I hate XML as much as the next guy but in this case I would blame a poorly desig...

pwg · on March 31, 2014

> There's no reason why any file parsing library would end up fetching remote data without being explicitly asked to do so.

I would agree. But the XML spec. authors clearly disagreed with both of us:

External Entities:

XML 1.0: http://www.w3.org/TR/2008/REC-xml-20081126/#sec-external-ent

XML 1.1: http://www.w3.org/TR/2006/REC-xml11-20060816/#sec-external-e...

This is "XML speak" for an "include" statement to something like cpp, with the exception that this "include" could end up performing remote network fetches to acquire that which is being included.

So, technically, to be a proper, standards compliant XML parser, the parser has to at least submit requests to "fetch" these entities to the higher level code using the library, and let that code decide what to do about the "includes".
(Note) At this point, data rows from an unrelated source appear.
lemma gauss_binom_Suc_Suc:
  assumes "1 < p"
  shows "gauss_binom p (Suc m) (Suc r) = gauss_binom p m r + real p ^ Suc r * gauss_binom p m (Suc r)"
proof (cases "r \<le> m")
  case True
  then have "real p ^ m = real p ^ r * real p ^ (m - r)"
    by (simp flip: power_add)
  moreover have "real p ^ Suc r - 1 \<noteq> 0"
    using assms one_less_power[of "real p" "Suc r"] by simp
  ultimately show ?thesis
    unfolding gauss_binom_Suc_Suc_eq_mult gauss_binom_Suc_right[of p m r] by (simp add: field_simps)
next
  case False
  then show ?thesis
    by (simp add: gauss_binom_eq_0 gauss_binom_Suc_Suc_eq_mult gauss_binom_Suc_right)
qed

section \<open>Subgroups and cosets in finite groups\<close>

definition Sub_within :: "('a, 'b) monoid_scheme \<Rightarrow> 'a set \<Rightarrow> nat \<Rightarrow> 'a set \<Rightarrow> 'a set set" where
  "Sub_within G Q m T = {H. subgroup H G \<and> T \<subseteq> H \<and> H \<subseteq> Q \<and> card Q = m * card H}"

context group
begin

lemma card_rcosets_within:
  assumes "subgroup A G" "subgroup B G" "A \<subseteq> B"
  shows "card ((\<lambda>x. A #> x) ` B) * card A = card B"
proof -
  have "rcosets\<^bsub>G\<lparr>carrier := B\<rparr>\<^esub> A = (\<lambda>x. A #> x) ` B"
    by (auto simp: RCOSETS_def r_coset_def)
  then show ?thesis
    using group.lagrange[OF subgroup_imp_group[OF assms(2)] subgroup_incl[OF assms]]
    by (simp add: order_def)
qed

lemma card_subgroup_dvd:
  assumes "subgroup A G" "subgroup B G" "A \<subseteq> B"
  shows "card A dvd card B"
  by (metis card_rcosets_within[OF assms] dvd_triv_right)

lemma subgroup_nat_pow_closed:
  assumes "subgroup H G" "h \<in> H"
  shows "h [^] (k::nat) \<in> H"
  using subgroup_int_pow_closed[OF assms, of "int k"] by (simp add: int_pow_int)

lemma finite_subgroupI:
  assumes "finite (carrier G)" and S: "S \<subseteq> carrier G" "\<one> \<in> S"
    and mult: "\<And>a b. a \<in> S \<Longrightarrow> b \<in> S \<Longrightarrow> a \<otimes> b \<in> S"
  shows "subgroup S G"
proof (rule subgroupI[OF S(1)])
  show "S \<noteq> {}" using S(2) by blast
  show "a \<otimes> b \<in> S" if "a \<in> S" "b \<in> S" for a b using mult that .
  fix a assume a: "a \<in> S"
  then have a_carr: "a \<in> carrier G" using S(1) by blast
  have pow: "a [^] (k::nat) \<in> S" for k by (induction k) (use S(2) mult a in auto)
  have "0 < order G" using assms(1) order_gt_0_iff_finite by blast
  then have "a [^] (order G - 1) \<otimes> a = \<one>"
    using pow_order_eq_1[OF a_carr] nat_pow_Suc[of a "order G - 1"] by simp
  then have "inv a = a [^] (order G - 1)" using inv_equality a_carr by simp
  then show "inv a \<in> S" using pow by simp
qed

lemma conj_pow_mem:
  assumes x: "x \<in> carrier G" and M: "M \<subseteq> carrier G"
    and conj: "\<And>g. g \<in> M \<Longrightarrow> x \<otimes> g \<otimes> inv x \<in> M" and g: "g \<in> M"
  shows "x [^] (k::nat) \<otimes> g \<otimes> inv (x [^] k) \<in> M"
proof (induction k)
  case 0
  then show ?case using g M by auto
next
  case (Suc k)
  have "x [^] Suc k \<otimes> g \<otimes> inv (x [^] Suc k) = x \<otimes> (x [^] k \<otimes> g \<otimes> inv (x [^] k)) \<otimes> inv x"
    using x g M by (auto simp only: nat_pow_Suc2[OF x]) (auto simp: inv_mult_group m_assoc)
  then show ?case using Suc conj by simp
qed

lemma subgroup_adjoin_normalizing:
  assumes fin: "finite (carrier G)" and M: "subgroup M G" and y: "y \<in> carrier G"
    and conj: "\<And>g. g \<in> M \<Longrightarrow> y \<otimes> g \<otimes> inv y \<in> M"
  shows "subgroup {g \<otimes> y [^] (i::nat) | g i. g \<in> M} G" (is "subgroup ?K G")
proof (rule finite_subgroupI[OF fin])
  have M_carr: "M \<subseteq> carrier G" using M subgroup.subset by blast
  show "?K \<subseteq> carrier G" using M_carr y by auto
  show "\<one> \<in> ?K" using subgroup.one_closed[OF M]
    by (auto intro!: exI[of _ "\<one>"] exI[of _ "0::nat"])
  fix u v assume "u \<in> ?K" "v \<in> ?K"
  then obtain g h i j where u: "u = g \<otimes> y [^] (i::nat)" "g \<in> M"
    and v: "v = h \<otimes> y [^] (j::nat)" "h \<in> M" by blast
  have "inv (y [^] i) \<otimes> (y [^] i \<otimes> y [^] j) = y [^] j"
    using y by (simp add: m_assoc [symmetric])
  then have "u \<otimes> v = (g \<otimes> (y [^] i \<otimes> h \<otimes> inv (y [^] i))) \<otimes> (y [^] i \<otimes> y [^] j)"
    using u v M_carr y by (simp add: m_assoc subsetD)
  also have "y [^] i \<otimes> y [^] j = y [^] (i + j)"
    using y by (simp add: nat_pow_mult)
  finally have "u \<otimes> v = (g \<otimes> (y [^] i \<otimes> h \<otimes> inv (y [^] i))) \<otimes> y [^] (i + j)" .
  moreover have "g \<otimes> (y [^] i \<otimes> h \<otimes> inv (y [^] i)) \<in> M"
    using subgroup.m_closed[OF M u(2) conj_pow_mem[OF y M_carr conj v(2)]] .
  ultimately show "u \<otimes> v \<in> ?K" by blast
qed

lemma card_adjoin_le:
  assumes fin: "finite (carrier G)" and M: "subgroup M G" and y: "y \<in> carrier G"
    and n: "0 < n" "y [^] n \<in> M"
  shows "card {g \<otimes> y [^] (i::nat) | g i. g \<in> M} \<le> n * card M"
proof -
  have M_carr: "M \<subseteq> carrier G" using M subgroup.subset by blast
  have finM: "finite (M \<times> {..<n})" using finite_subset[OF M_carr fin] by simp
  have "{g \<otimes> y [^] (i::nat) | g i. g \<in> M} \<subseteq> (\<lambda>(g, i). g \<otimes> y [^] i) ` (M \<times> {..<n})"
  proof clarify
    fix g i assume g: "g \<in> M"
    have "y [^] i = y [^] (n * (i div n)) \<otimes> y [^] (i mod n)"
      using nat_pow_mult[OF y] by simp
    also have "y [^] (n * (i div n)) = (y [^] n) [^] (i div n)"
      using nat_pow_pow[OF y] by simp
    finally have "g \<otimes> y [^] i = (g \<otimes> (y [^] n) [^] (i div n)) \<otimes> y [^] (i mod n)"
      using g M_carr y by (auto simp: m_assoc)
    moreover have "g \<otimes> (y [^] n) [^] (i div n) \<in> M"
      using subgroup.m_closed[OF M g subgroup_nat_pow_closed[OF M n(2)]] .
    ultimately show "g \<otimes> y [^] i \<in> (\<lambda>(g, i). g \<otimes> y [^] i) ` (M \<times> {..<n})"
      using n(1) by (force intro!: image_eqI[of _ _ "(_, i mod n)"])
  qed
  then have "card {g \<otimes> y [^] (i::nat) | g i. g \<in> M}
      \<le> card ((\<lambda>(g, i). g \<otimes> y [^] i) ` (M \<times> {..<n}))"
    using finM by (intro card_mono) auto
  also have "\<dots> \<le> card (M \<times> {..<n})"
    using finM by (rule card_image_le)
  finally show ?thesis by (simp add: card_cartesian_product mult.commute)
qed

lemma conj_rcos:
  assumes M: "subgroup M G" and g: "g \<in> M" and x: "x \<in> carrier G"
  shows "l_coset G g (M #> x) #> inv g = M #> (x \<otimes> inv g)"
proof -
  have M_carr: "M \<subseteq> carrier G" using M subgroup.subset by blast
  have g_carr: "g \<in> carrier G" using g M_carr by blast
  have "l_coset G g (M #> x) = M #> x"
    using coset_assoc[OF g_carr x M_carr] coset_join3[OF g_carr M g] by simp
  then show ?thesis using coset_mult_assoc[OF M_carr x] g_carr by simp
qed

lemma rcos_eq_imp_conj_mem:
  assumes M: "subgroup M G" and x: "x \<in> carrier G" and g: "g \<in> carrier G"
    and "M #> (x \<otimes> g) = M #> x"
  shows "x \<otimes> g \<otimes> inv x \<in> M"
  using rcos_self[OF m_closed[OF x g] M] assms(4) subgroup.rcos_module_imp[OF M is_group x] by simp

lemma set_mult_rcos_absorb:
  assumes M: "subgroup M G" and L: "subgroup L G" "L \<subseteq> M" and h: "h \<in> carrier G"
  shows "M <#> (L #> h) = M #> h"
proof -
  have M_carr: "M \<subseteq> carrier G" using M subgroup.subset by blast
  have "M <#> L = M"
  proof
    show "M <#> L \<subseteq> M" unfolding set_mult_def using L(2) subgroup.m_closed[OF M] by blast
    show "M \<subseteq> M <#> L"
      unfolding set_mult_def using subgroup.one_closed[OF L(1)] M_carr by force
  qed
  then show ?thesis using setmult_rcos_assoc[OF M_carr subgroup.subset[OF L(1)] h] by simp
qed

lemma card_le_index_mult_card_inter:
  assumes fin: "finite (carrier G)" and H: "subgroup H G" and M: "subgroup M G" and Q: "subgroup Q G"
    and "H \<subseteq> Q" "M \<subseteq> Q"
  shows "card H \<le> card ((\<lambda>x. M #> x) ` Q) * card (H \<inter> M)"
proof -
  define L where "L = H \<inter> M"
  have L: "subgroup L G" "L \<subseteq> H" "L \<subseteq> M"
    unfolding L_def using subgroups_Inter_pair[OF H M] by auto
  have H_carr: "H \<subseteq> carrier G" using H subgroup.subset by blast
  have inj: "inj_on (\<lambda>C. M <#> C) ((\<lambda>x. L #> x) ` H)"
  proof (rule inj_onI, clarify)
    fix h1 h2 assume h: "h1 \<in> H" "h2 \<in> H" and eq: "M <#> (L #> h1) = M <#> (L #> h2)"
    have h_carr: "h1 \<in> carrier G" "h2 \<in> carrier G" using h H_carr by auto
    have "M #> h1 = M #> h2"
      using eq set_mult_rcos_absorb[OF M L(1,3)] h_carr by simp
    then have "h1 \<otimes> inv h2 \<in> M"
      using rcos_self[OF h_carr(1) M] subgroup.rcos_module_imp[OF M is_group h_carr(2)] by simp
    moreover have "h1 \<otimes> inv h2 \<in> H"
      using subgroup.m_closed[OF H h(1) subgroup.m_inv_closed[OF H h(2)]] .
    ultimately have "h1 \<in> L #> h2"
      using subgroup.rcos_module_rev[OF L(1) is_group h_carr(2,1)] unfolding L_def by blast
    then show "L #> h1 = L #> h2"
      using repr_independence[OF _ h_carr(2) L(1)] by simp
  qed
  have "(\<lambda>C. M <#> C) ` (\<lambda>x. L #> x) ` H \<subseteq> (\<lambda>x. M #> x) ` Q"
    using set_mult_rcos_absorb[OF M L(1,3)] H_carr assms(5) by force
  moreover have "finite ((\<lambda>x. M #> x) ` Q)"
    using finite_subset[OF subgroup.subset[OF Q] fin] by simp
  ultimately have "card ((\<lambda>x. L #> x) ` H) \<le> card ((\<lambda>x. M #> x) ` Q)"
    using card_image[OF inj] card_mono by metis
  then show ?thesis
    using card_rcosets_within[OF L(1) H L(2)] unfolding L_def by (metis mult_le_mono1)
qed

lemma Sub_within_inside:
  assumes "card Q = n * card M" "0 < n"
  shows "{H \<in> Sub_within G Q (n * m) T. H \<subseteq> M} \<subseteq> Sub_within G M m T"
  using assms unfolding Sub_within_def by (auto simp: mult.assoc)

lemma finite_Sub_within:
  assumes "finite (carrier G)"
  shows "finite (Sub_within G Q m T)"
proof -
  have "Sub_within G Q m T \<subseteq> Pow (carrier G)"
    unfolding Sub_within_def using subgroup.subset by blast
  then show ?thesis using assms finite_subset by blast
qed

lemma card_Sub_within_1_le:
  assumes "finite (carrier G)" "subgroup Q G"
  shows "card (Sub_within G Q 1 T) \<le> 1"
proof -
  have "Sub_within G Q 1 T \<subseteq> {Q}"
  proof
    fix H assume "H \<in> Sub_within G Q 1 T"
    then have "H \<subseteq> Q" "card H = card Q" by (auto simp: Sub_within_def)
    then show "H \<in> {Q}"
      using card_subset_eq[OF finite_subset[OF subgroup.subset[OF assms(2)] assms(1)]] by blast
  qed
  then show ?thesis using card_mono[of "{Q}"] by simp
qed

lemma Sub_within_eq_empty:
  assumes "finite (carrier G)" "card Q < m * card T"
  shows "Sub_within G Q m T = {}"
proof -
  have "m * card T \<le> card Q" if "H \<in> Sub_within G Q m T" for H
  proof -
    have H: "subgroup H G" "T \<subseteq> H" "card Q = m * card H"
      using that by (auto simp: Sub_within_def)
    then have "card T \<le> card H"
      using card_mono[OF finite_subset[OF subgroup.subset[OF H(1)] assms(1)]] by blast
    then show ?thesis using H(3) by simp
  qed
  then show ?thesis using assms(2) by fastforce
qed

lemma Sub_idx_eq_Sub_within:
  assumes "finite (carrier G)"
  shows "Sub_idx G m T = Sub_within G (carrier G) m T"
proof -
  have "card (rcosets H) = m \<longleftrightarrow> card (carrier G) = m * card H" if "subgroup H G" for H
  proof -
    have lagrange_H: "card (rcosets H) * card H = card (carrier G)"
      using lagrange[OF that] by (simp add: order_def)
    show ?thesis
      using subgroup.finite_imp_card_positive[OF that assms] by (simp flip: lagrange_H)
  qed
  then show ?thesis
    unfolding Sub_idx_def Sub_within_def using subgroup.subset by blast
qed

end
As to why Microsoft's implementation is the way it is, absent a Raymond Chen blog post explaining the why, we can only guess.

acqq · on March 31, 2014

Ever tried to look in the documents saved by Libre Office or MS Office? They all use XML now. The ODT document with only two words in it has at the start of the content.xml inside of ODT this beauty:

    <?xml version="1.0" encoding="UTF-8"?>
    <office:document-content
    (...)
    xmlns:xlink="http://www.w3.org/1999/xlink" 
    xmlns:dc="http://purl.org/dc/elements/1.1/" 
    xmlns:math="http://www.w3.org/1998/Math/MathML" 
    xmlns:ooo="http://openoffice.org/2004/office" 
    xmlns:ooow="http://openoffice.org/2004/writer" 
    xmlns:oooc="http://openoffice.org/2004/calc" 
    xmlns:dom="http://www.w3.org/2001/xml-events" 
    xmlns:xforms="http://www.w3.org/2002/xforms" 
    xmlns:xsd="http://www.w3.org/2001/XMLSchema" 
    xmlns:xsi="http://www.w3.org/2001/XMLSchema-instance" 
    xmlns:rpt="http://openoffice.org/2005/report" 
    xmlns:xhtml="http://www.w3.org/1999/xhtml" 
    xmlns:grddl="http://www.w3.org/2003/g/data-view#" 
    xmlns:officeooo="http://openoffice.org/2009/office" 
    xmlns:tableooo="http://openoffice.org/2009/table" 
    xmlns:drawooo="http://openoffice.org/2010/draw"

It's not Microsoft specific bug that ate some brains.

yuhong · on March 31, 2014

These are namespace directives, not references to external DTDs.

acqq · on March 31, 2014

The problem is, whenever you have some link anywhere and it is assumed that it should be refreshed sometimes, how can you know that you shouldn't load the more current version? If you write something like a DLL or library why not leave it to the expert: let the IE try to fetch it, and if it already fetched, it will return it from its own cache! Brilliant, problem solved! Except when that happens from 144 instances all the time and IE needs some windows creations at the start which is what Bruce seems to manage to trigger.

shawnz · on April 1, 2014

To expand on what the parent commenter was saying: namespace directives aren't meant to be accessed; they are just used as a unique identifier.

acqq · on April 1, 2014

Yes. I'm old enough to remember the times though when even some of the creators of the standard still thought otherwise:

https://web.archive.org/web/20060613090946/http://textuality...

"Given that namespaces have definitive material, and that such definitive material is typically available on the Web, and that namespace names may be "http:"-class URIs, it is a grievous waste of potential if it is not possible to use the namespace name in retrieving the definitive material."

And in order to do all the processing and transformations popular at the time somewhere there should be the copies of the documents specified with the URI's. Bruce detected some loads from some documents stored in the DLLs, locally.

i386 · on April 1, 2014

The amount of times I've fixed bugs as a direct consequence to this is simply astounding.

Two favourites: 1) App never started because it couldn't access the internet to fetch a DTD/XSD. 2) Sun/Oracle removed XSDs and the app refused to start.

acqq · on March 31, 2014

> There's no reason why any file parsing library would end up fetching remote data

It's not the API, it is the part of many of the specs, as it was thought to be a good idea once, specifically many standardizations involved additional definitions located at the http servers, example:

http://msdn.microsoft.com/en-us/library/aa468557.aspx

Which was "poised to play a central role in the future of XML processing, especially in Web services where it serves as one of the fundamental pillars that higher levels of abstraction are built upon."

So you had to implement it to be "conforming," and then to avoid overheads as "optimizations." Ironically, "/optimize" feature isn't optimized.

The reason this it's not discovered earlier is that the Visual Studios which contain that option were priced more thousands of dollars (I don't know the what the currently cheapest version containing "/optimize" is -- anybody knows?).